Your instructions –
Each line containing the string "lemma" should be copied out of the entries.

Material for the task –
****

lemma down_Suc_lift_0:
  assumes "\<not> free_in c t"
  shows "down (Suc (k + c)) (lift (Suc k) 0 t) = lift (Suc k) 0 (down c t)"
proof -
  have "lift (Suc k) 0 t = lift (Suc 0) (Suc (k + c)) (lift (Suc k) 0 (down c t))"
    using lift_down[OF assms] lift_lift_comm[of 0 c 1 "Suc k" "down c t"] by (simp add: add.commute)
  then show ?thesis by simp
qed

lemma down_lift_ge: "c \<le> j \<Longrightarrow> down c (lift (Suc j) 0 t) = lift j 0 t"
  using lift_lift[of 0 c j 1 t] down_lift[of c "lift j 0 t"] by simp

lemma down_0_lift_Suc:
  assumes "\<not> free_in 0 t"
  shows "down 0 (lift d (Suc c) t) = lift d c (down 0 t)"
proof -
  have "lift d (Suc c) t = lift (Suc 0) 0 (lift d c (down 0 t))"
    by (metis lift_down[OF assms] lift_Suc_lift_1)
  then show ?thesis by simp
qed

lemma free_in_down:
  assumes "\<not> free_in c t" "free_in i (down c t)"
  shows "free_in (if i < c then i else Suc i) t"
proof -
  have "free_in (if i < c then i else Suc i) (lift (Suc 0) c (down c t))"
    using assms(2) by (auto simp: free_in_lift)
  then show ?thesis using lift_down[OF assms(1)] by simp
qed

section \<open>Answers and the contracta of the root rules\<close>

fun is_answer :: "trm \<Rightarrow> bool" where
  "is_answer (Lam t) = True"
| "is_answer (Sub t u) = is_answer t"
| "is_answer (Var i) = False"
| "is_answer (App t u) = False"
lemma iwasawa_psl2_unique:
  assumes "0 < y" "0 < y'" "0 \<le> t" "t < pi" "0 \<le> t'" "t' < pi"
    and "iwasawa x' y' t' = iwasawa x y t \<or> iwasawa x' y' t' = mat_neg (iwasawa x y t)"
  shows "x' = x \<and> y' = y \<and> t' = t"
proof -
  obtain a b c d where g: "iwasawa x y t = (a, b, c, d)"
    by (cases "iwasawa x y t") auto
  obtain \<sigma> :: real where \<sigma>: "\<sigma> = 1 \<or> \<sigma> = -1" "iwasawa x' y' t' = (\<sigma> * a, \<sigma> * b, \<sigma> * c, \<sigma> * d)"
  proof -
    consider "iwasawa x' y' t' = (a, b, c, d)" | "iwasawa x' y' t' = (- a, - b, - c, - d)"
      using assms(7) g by (auto simp: mat_neg_def)
    then show thesis using that[of 1] that[of "-1"] by cases simp_all
  qed
  have \<sigma>\<sigma>: "\<sigma> * \<sigma> = 1" using \<sigma>(1) by auto
  note coords = iwasawa_coordinates[OF assms(1) g] and coords' = iwasawa_coordinates[OF assms(2) \<sigma>(2)]
  have "1 / y' = (\<sigma> * c)\<^sup>2 + (\<sigma> * d)\<^sup>2" using coords'(2) by simp
  also have "\<dots> = \<sigma> * \<sigma> * (c\<^sup>2 + d\<^sup>2)" by (simp add: power2_eq_square algebra_simps)
  also have "\<dots> = 1 / y" using coords(2) \<sigma>\<sigma> by simp
  finally have y: "y' = y" by simp
  have "x' / y' = (\<sigma> * a) * (\<sigma> * c) + (\<sigma> * b) * (\<sigma> * d)" using coords'(3) by simp
  also have "\<dots> = \<sigma> * \<sigma> * (a * c + b * d)" by (simp add: algebra_simps)
  also have "\<dots> = x / y" using coords(3) \<sigma>\<sigma> by simp
  finally have x: "x' = x" using y assms(1) by simp
  have sin: "sin t' = \<sigma> * sin t" and cos: "cos t' = \<sigma> * cos t"
    using coords(4,5) coords'(4,5) y by simp_all
  have "\<sigma> = 1"
  proof (rule ccontr)
    assume "\<sigma> \<noteq> 1"
    with \<sigma>(1) sin have "sin t' = - sin t" by simp
    moreover have "0 \<le> sin t" "0 \<le> sin t'"
      using assms(3-6) by (simp_all add: sin_ge_zero)
    ultimately have "sin t = 0" "sin t' = 0" by linarith+
    then have "t = 0" "t' = 0"
      using assms(3-6) sin_eq_0_pi[of t] sin_eq_0_pi[of t'] by linarith+
    with cos \<open>\<sigma> \<noteq> 1\<close> \<sigma>(1) show False by simp
  qed
  with cos have "cos t' = cos t" by simp
  then have "t' = t"
    using cos_inj_pi[of t' t] assms(3-6) by simp
  with x y show ?thesis by simp
qed
(* Let $\mathbf{X}$ be $(\epsilon,\delta)$-kernel learnable from $\mathbf{Z}$ using $T(\epsilon,\delta)$ samples, and suppose that $0<d_{TV}(\mathbf{X},\mathbf{X}')=\kappa<1$. If $T_0>\max\{T(\epsilon,\delta),C\cdot\frac{\log(1/\delta)}{\epsilon^2}\}$ (for a suitable absolute constant $C$), then $\mathbf{X}'$ is $(2\epsilon+2\kappa,2\delta)$-kernel learnable from $T_0$ samples using $\mathbf{Z}$.
   Context: Let $\mathbf{Y},\mathbf{Z}$ be distributions supported on $\mathbb{Z}$. $\mathbf{Y}$ is $(\epsilon,\delta)$-kernel learnable from $T$ samples using $\mathbf{Z}$ if the following holds: for every $T_1\ge T$, if $\hat Y=\{y_1,\dots,y_{T_1}\}$ is a multiset of $T_1$ i.i.d. samples from $\mathbf{Y}$ and $\mathbf{U}_{\hat Y}$ is the uniform distribution over $\hat Y$, then with probability $1-\delta$ over $\hat Y$ we have $d_{TV}(\mathbf{U}_{\hat Y}+\mathbf{Z},\mathbf{Y})\le\epsilon$ (here $+$ denotes the sum of independent random variables). $d_{TV}$ is total variation distance. *)

theory Defs
  imports "HOL-Probability.Probability"
begin

definition d_TV :: "'a pmf \<Rightarrow> 'a pmf \<Rightarrow> real" where
  "d_TV p q = (SUP A. \<bar>measure_pmf.prob p A - measure_pmf.prob q A\<bar>)"

definition add_pmf :: "int pmf \<Rightarrow> int pmf \<Rightarrow> int pmf" where
  "add_pmf p q = map_pmf (\<lambda>(a, b). a + b) (pair_pmf p q)"

text \<open>Y is (eps,delta)-kernel learnable from T samples using Z: for every T1 \<ge> T
  (with T1 \<ge> 1 so that the sample multiset is nonempty), with probability at least
  1 - delta over T1 i.i.d. samples ys from Y, the uniform distribution on the
  multiset of samples plus an independent Z is eps-close to Y in TV distance.\<close>
definition kernel_learnable :: "int pmf \<Rightarrow> int pmf \<Rightarrow> real \<Rightarrow> real \<Rightarrow> nat \<Rightarrow> bool" where
  "kernel_learnable Y Z eps delta T \<longleftrightarrow>
     (\<forall>T1. T1 \<ge> T \<and> T1 \<ge> 1 \<longrightarrow>
        measure_pmf.prob (replicate_pmf T1 Y)
          {ys. d_TV (add_pmf (pmf_of_multiset (mset ys)) Z) Y \<le> eps} \<ge> 1 - delta)"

****

Solution to this problem –
lemma down_Suc_lift_0:
lemma down_lift_ge: "c \<le> j \<Longrightarrow> down c (lift (Suc j) 0 t) = lift j 0 t"
lemma down_0_lift_Suc:
lemma free_in_down:
lemma iwasawa_psl2_unique:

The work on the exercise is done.